* _What you will do_
Take the records below and retype them line by line, from the first line through the one containing "section \<open>The derivative"; stop there.

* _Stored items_
▼▼▼
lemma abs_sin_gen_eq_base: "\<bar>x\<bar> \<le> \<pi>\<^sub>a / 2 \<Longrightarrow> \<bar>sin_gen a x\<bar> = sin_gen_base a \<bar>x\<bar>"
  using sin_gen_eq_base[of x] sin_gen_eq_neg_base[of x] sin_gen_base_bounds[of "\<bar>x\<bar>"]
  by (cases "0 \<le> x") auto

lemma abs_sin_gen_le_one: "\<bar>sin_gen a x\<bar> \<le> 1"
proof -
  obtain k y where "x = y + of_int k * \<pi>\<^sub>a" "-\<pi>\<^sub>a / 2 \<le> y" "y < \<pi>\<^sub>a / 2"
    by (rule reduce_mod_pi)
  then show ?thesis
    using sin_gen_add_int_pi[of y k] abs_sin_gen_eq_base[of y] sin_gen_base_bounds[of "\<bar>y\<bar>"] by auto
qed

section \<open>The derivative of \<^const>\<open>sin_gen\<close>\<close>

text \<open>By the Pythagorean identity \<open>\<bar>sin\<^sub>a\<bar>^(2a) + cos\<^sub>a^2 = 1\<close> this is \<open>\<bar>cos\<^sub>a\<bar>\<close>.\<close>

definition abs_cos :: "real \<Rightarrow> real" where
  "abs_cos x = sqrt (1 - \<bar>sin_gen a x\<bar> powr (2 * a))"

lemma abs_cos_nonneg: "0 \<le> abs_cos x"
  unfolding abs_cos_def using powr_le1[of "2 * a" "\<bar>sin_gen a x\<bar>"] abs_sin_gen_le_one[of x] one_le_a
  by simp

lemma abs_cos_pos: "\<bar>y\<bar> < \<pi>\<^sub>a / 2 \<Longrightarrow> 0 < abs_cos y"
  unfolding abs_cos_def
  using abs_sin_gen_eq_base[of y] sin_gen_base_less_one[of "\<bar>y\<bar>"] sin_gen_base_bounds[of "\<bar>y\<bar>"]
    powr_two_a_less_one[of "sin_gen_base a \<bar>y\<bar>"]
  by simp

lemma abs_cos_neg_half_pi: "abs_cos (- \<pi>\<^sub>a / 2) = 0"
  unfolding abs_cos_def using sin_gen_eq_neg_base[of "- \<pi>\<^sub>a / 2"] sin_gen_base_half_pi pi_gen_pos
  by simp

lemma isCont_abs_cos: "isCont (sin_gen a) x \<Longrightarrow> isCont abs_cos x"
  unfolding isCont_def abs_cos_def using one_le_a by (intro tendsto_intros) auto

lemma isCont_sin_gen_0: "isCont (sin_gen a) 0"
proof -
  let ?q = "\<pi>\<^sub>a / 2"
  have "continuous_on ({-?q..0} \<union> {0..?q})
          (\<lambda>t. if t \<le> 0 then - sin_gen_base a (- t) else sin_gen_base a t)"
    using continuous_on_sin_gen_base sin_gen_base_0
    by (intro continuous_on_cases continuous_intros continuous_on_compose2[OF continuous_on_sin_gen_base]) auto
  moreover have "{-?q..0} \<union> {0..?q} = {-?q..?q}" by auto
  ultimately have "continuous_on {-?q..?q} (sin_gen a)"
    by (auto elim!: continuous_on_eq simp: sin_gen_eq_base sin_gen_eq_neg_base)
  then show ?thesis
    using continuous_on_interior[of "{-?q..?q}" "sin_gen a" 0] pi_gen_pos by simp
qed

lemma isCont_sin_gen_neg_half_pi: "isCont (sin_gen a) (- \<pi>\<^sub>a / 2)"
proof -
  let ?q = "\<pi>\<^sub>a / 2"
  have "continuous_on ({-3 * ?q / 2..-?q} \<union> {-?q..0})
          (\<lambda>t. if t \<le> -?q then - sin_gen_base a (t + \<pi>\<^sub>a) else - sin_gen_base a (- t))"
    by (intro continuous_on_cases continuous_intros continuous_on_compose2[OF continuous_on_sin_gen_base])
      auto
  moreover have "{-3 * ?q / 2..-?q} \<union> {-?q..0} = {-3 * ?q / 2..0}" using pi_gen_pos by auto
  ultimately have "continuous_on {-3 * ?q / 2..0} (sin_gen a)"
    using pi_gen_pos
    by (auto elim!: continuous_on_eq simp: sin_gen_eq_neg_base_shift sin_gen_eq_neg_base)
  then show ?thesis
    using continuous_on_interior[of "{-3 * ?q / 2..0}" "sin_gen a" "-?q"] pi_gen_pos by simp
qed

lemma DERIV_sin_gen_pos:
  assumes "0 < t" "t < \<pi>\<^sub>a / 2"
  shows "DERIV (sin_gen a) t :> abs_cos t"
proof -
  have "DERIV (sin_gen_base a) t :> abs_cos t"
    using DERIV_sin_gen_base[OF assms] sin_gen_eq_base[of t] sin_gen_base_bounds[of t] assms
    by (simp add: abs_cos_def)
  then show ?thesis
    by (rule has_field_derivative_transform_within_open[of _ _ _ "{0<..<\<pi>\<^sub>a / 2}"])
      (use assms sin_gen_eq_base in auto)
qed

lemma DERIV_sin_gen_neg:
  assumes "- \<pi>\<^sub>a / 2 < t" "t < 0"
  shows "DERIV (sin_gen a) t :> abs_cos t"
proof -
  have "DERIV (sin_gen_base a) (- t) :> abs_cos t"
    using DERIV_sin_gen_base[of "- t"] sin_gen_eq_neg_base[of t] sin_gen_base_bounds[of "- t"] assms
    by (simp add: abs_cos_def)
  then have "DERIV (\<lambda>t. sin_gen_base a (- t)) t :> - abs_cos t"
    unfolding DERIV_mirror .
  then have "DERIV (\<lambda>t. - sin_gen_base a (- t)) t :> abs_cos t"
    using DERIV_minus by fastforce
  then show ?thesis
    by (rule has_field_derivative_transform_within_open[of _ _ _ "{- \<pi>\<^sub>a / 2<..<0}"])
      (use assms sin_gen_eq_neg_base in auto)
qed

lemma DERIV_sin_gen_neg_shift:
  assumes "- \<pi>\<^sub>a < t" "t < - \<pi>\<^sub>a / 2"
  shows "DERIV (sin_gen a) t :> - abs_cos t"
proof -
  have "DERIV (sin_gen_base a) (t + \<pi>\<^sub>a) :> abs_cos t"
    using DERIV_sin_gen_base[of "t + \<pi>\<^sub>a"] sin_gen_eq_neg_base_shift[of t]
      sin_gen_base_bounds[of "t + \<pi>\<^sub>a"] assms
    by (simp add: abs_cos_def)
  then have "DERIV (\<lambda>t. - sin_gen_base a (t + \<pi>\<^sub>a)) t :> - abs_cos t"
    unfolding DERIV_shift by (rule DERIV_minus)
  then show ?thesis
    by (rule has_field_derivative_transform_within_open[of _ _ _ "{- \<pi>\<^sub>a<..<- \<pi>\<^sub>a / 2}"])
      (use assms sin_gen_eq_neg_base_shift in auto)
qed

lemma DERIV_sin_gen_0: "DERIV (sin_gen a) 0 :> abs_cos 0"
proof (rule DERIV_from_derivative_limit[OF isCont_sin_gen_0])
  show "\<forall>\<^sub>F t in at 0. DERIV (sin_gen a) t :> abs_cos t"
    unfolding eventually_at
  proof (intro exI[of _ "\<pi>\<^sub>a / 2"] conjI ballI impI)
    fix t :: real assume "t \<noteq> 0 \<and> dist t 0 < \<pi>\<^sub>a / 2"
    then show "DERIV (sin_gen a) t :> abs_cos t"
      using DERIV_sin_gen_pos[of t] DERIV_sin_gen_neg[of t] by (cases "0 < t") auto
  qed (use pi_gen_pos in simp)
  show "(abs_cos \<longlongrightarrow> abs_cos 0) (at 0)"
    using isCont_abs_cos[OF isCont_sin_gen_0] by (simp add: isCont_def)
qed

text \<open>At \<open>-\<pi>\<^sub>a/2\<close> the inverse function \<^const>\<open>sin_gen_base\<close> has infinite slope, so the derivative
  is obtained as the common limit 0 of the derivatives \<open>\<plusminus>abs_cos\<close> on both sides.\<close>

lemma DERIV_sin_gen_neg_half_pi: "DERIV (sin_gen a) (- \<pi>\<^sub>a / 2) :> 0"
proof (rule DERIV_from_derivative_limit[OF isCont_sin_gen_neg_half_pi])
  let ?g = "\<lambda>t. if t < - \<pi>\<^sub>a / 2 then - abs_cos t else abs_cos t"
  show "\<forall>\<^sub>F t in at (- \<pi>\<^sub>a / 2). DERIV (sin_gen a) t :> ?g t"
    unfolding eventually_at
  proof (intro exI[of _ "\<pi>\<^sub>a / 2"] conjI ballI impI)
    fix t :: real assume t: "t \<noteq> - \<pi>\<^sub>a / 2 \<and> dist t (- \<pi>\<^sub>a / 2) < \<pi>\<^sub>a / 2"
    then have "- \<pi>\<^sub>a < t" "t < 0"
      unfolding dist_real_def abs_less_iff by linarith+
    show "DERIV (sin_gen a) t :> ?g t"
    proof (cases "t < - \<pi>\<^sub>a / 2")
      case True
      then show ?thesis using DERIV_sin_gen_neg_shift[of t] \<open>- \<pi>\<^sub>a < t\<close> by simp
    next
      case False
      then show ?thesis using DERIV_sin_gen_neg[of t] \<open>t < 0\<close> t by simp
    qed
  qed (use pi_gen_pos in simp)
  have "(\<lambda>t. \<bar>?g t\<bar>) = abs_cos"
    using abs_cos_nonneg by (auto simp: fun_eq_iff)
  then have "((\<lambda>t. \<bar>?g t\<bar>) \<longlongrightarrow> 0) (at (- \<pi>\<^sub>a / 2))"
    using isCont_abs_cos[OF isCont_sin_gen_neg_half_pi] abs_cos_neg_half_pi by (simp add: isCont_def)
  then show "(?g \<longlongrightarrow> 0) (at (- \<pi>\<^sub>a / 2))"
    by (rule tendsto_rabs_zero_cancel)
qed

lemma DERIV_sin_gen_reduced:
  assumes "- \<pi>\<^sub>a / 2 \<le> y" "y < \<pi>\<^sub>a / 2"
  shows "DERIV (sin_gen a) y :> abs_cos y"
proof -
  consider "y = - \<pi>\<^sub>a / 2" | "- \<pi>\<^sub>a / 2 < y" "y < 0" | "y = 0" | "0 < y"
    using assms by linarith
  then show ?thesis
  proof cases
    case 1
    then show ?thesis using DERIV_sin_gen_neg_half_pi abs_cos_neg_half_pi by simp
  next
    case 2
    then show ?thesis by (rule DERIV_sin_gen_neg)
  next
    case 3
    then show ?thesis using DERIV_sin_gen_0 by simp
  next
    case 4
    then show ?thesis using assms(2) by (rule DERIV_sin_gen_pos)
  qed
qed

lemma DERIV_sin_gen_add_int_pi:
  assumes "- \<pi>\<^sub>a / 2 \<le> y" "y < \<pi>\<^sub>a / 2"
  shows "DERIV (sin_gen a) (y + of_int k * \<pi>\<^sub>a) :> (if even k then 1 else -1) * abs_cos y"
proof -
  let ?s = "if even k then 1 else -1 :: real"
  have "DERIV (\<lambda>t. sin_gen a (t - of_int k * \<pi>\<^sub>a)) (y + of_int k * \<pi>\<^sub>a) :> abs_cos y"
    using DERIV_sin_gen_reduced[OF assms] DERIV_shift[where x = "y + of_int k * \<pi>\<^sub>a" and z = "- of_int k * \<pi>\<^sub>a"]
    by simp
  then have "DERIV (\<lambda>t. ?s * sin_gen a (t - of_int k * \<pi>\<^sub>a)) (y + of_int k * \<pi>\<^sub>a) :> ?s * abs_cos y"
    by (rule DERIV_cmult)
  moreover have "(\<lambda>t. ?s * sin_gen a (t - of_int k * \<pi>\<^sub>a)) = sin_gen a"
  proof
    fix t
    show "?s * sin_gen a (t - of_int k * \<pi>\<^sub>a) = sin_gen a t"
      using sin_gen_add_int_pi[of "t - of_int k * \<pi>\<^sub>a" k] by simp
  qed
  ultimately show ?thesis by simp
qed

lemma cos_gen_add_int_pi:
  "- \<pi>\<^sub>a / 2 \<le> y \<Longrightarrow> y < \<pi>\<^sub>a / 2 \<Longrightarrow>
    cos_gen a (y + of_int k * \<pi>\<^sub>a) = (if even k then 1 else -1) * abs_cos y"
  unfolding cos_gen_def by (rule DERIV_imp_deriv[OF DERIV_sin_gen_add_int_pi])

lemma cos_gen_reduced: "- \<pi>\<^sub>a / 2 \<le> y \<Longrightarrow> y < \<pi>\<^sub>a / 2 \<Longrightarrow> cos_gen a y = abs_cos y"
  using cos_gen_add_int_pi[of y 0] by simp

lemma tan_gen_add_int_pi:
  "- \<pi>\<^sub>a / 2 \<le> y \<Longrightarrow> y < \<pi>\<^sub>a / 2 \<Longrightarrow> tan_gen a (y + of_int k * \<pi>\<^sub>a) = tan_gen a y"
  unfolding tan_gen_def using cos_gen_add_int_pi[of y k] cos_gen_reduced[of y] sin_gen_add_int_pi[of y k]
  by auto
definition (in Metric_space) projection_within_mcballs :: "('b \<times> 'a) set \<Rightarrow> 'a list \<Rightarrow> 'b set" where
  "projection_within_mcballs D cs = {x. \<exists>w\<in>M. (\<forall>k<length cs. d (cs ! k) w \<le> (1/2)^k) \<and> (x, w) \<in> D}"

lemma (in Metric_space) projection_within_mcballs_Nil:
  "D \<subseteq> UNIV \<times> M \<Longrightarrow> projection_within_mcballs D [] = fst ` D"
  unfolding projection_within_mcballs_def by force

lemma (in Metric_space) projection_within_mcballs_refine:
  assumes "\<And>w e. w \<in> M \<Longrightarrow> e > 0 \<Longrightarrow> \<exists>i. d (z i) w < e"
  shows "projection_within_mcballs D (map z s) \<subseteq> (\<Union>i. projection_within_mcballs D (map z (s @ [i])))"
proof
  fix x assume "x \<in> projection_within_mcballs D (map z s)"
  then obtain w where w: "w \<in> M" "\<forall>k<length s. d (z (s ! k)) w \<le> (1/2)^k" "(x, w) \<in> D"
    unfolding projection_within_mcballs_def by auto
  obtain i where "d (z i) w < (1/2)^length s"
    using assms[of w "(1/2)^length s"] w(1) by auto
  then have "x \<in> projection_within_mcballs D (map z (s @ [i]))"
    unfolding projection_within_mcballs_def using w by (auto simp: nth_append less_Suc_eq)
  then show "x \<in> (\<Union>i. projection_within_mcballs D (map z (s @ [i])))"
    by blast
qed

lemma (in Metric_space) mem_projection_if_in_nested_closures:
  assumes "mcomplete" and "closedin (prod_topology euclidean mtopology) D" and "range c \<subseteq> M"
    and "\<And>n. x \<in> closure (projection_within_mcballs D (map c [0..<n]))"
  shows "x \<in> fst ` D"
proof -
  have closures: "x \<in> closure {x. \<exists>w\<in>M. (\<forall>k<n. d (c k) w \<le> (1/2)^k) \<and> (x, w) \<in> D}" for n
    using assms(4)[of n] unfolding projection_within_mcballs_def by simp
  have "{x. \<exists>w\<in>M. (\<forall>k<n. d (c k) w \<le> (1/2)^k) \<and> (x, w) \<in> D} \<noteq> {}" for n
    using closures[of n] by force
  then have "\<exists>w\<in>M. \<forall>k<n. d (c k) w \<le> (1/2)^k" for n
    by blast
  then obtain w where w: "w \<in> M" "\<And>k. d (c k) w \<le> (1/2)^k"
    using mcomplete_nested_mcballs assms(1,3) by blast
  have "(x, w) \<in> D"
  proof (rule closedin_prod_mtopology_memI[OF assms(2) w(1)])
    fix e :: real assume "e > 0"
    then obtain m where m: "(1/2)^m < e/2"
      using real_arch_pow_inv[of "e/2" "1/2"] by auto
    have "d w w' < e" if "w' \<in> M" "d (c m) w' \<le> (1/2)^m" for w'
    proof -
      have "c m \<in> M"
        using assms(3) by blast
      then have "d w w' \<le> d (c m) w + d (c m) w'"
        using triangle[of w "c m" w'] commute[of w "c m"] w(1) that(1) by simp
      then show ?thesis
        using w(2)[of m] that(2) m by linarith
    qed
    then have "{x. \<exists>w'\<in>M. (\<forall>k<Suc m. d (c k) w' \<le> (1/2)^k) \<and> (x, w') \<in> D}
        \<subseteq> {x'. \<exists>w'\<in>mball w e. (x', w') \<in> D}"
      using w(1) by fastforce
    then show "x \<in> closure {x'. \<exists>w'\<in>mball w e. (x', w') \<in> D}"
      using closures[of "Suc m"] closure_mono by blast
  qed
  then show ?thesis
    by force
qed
▲▲▲
* _Task answer_
lemma abs_sin_gen_eq_base: "\<bar>x\<bar> \<le> \<pi>\<^sub>a / 2 \<Longrightarrow> \<bar>sin_gen a x\<bar> = sin_gen_base a \<bar>x\<bar>"
  using sin_gen_eq_base[of x] sin_gen_eq_neg_base[of x] sin_gen_base_bounds[of "\<bar>x\<bar>"]
  by (cases "0 \<le> x") auto

lemma abs_sin_gen_le_one: "\<bar>sin_gen a x\<bar> \<le> 1"
proof -
  obtain k y where "x = y + of_int k * \<pi>\<^sub>a" "-\<pi>\<^sub>a / 2 \<le> y" "y < \<pi>\<^sub>a / 2"
    by (rule reduce_mod_pi)
  then show ?thesis
    using sin_gen_add_int_pi[of y k] abs_sin_gen_eq_base[of y] sin_gen_base_bounds[of "\<bar>y\<bar>"] by auto
qed

section \<open>The derivative of \<^const>\<open>sin_gen\<close>\<close>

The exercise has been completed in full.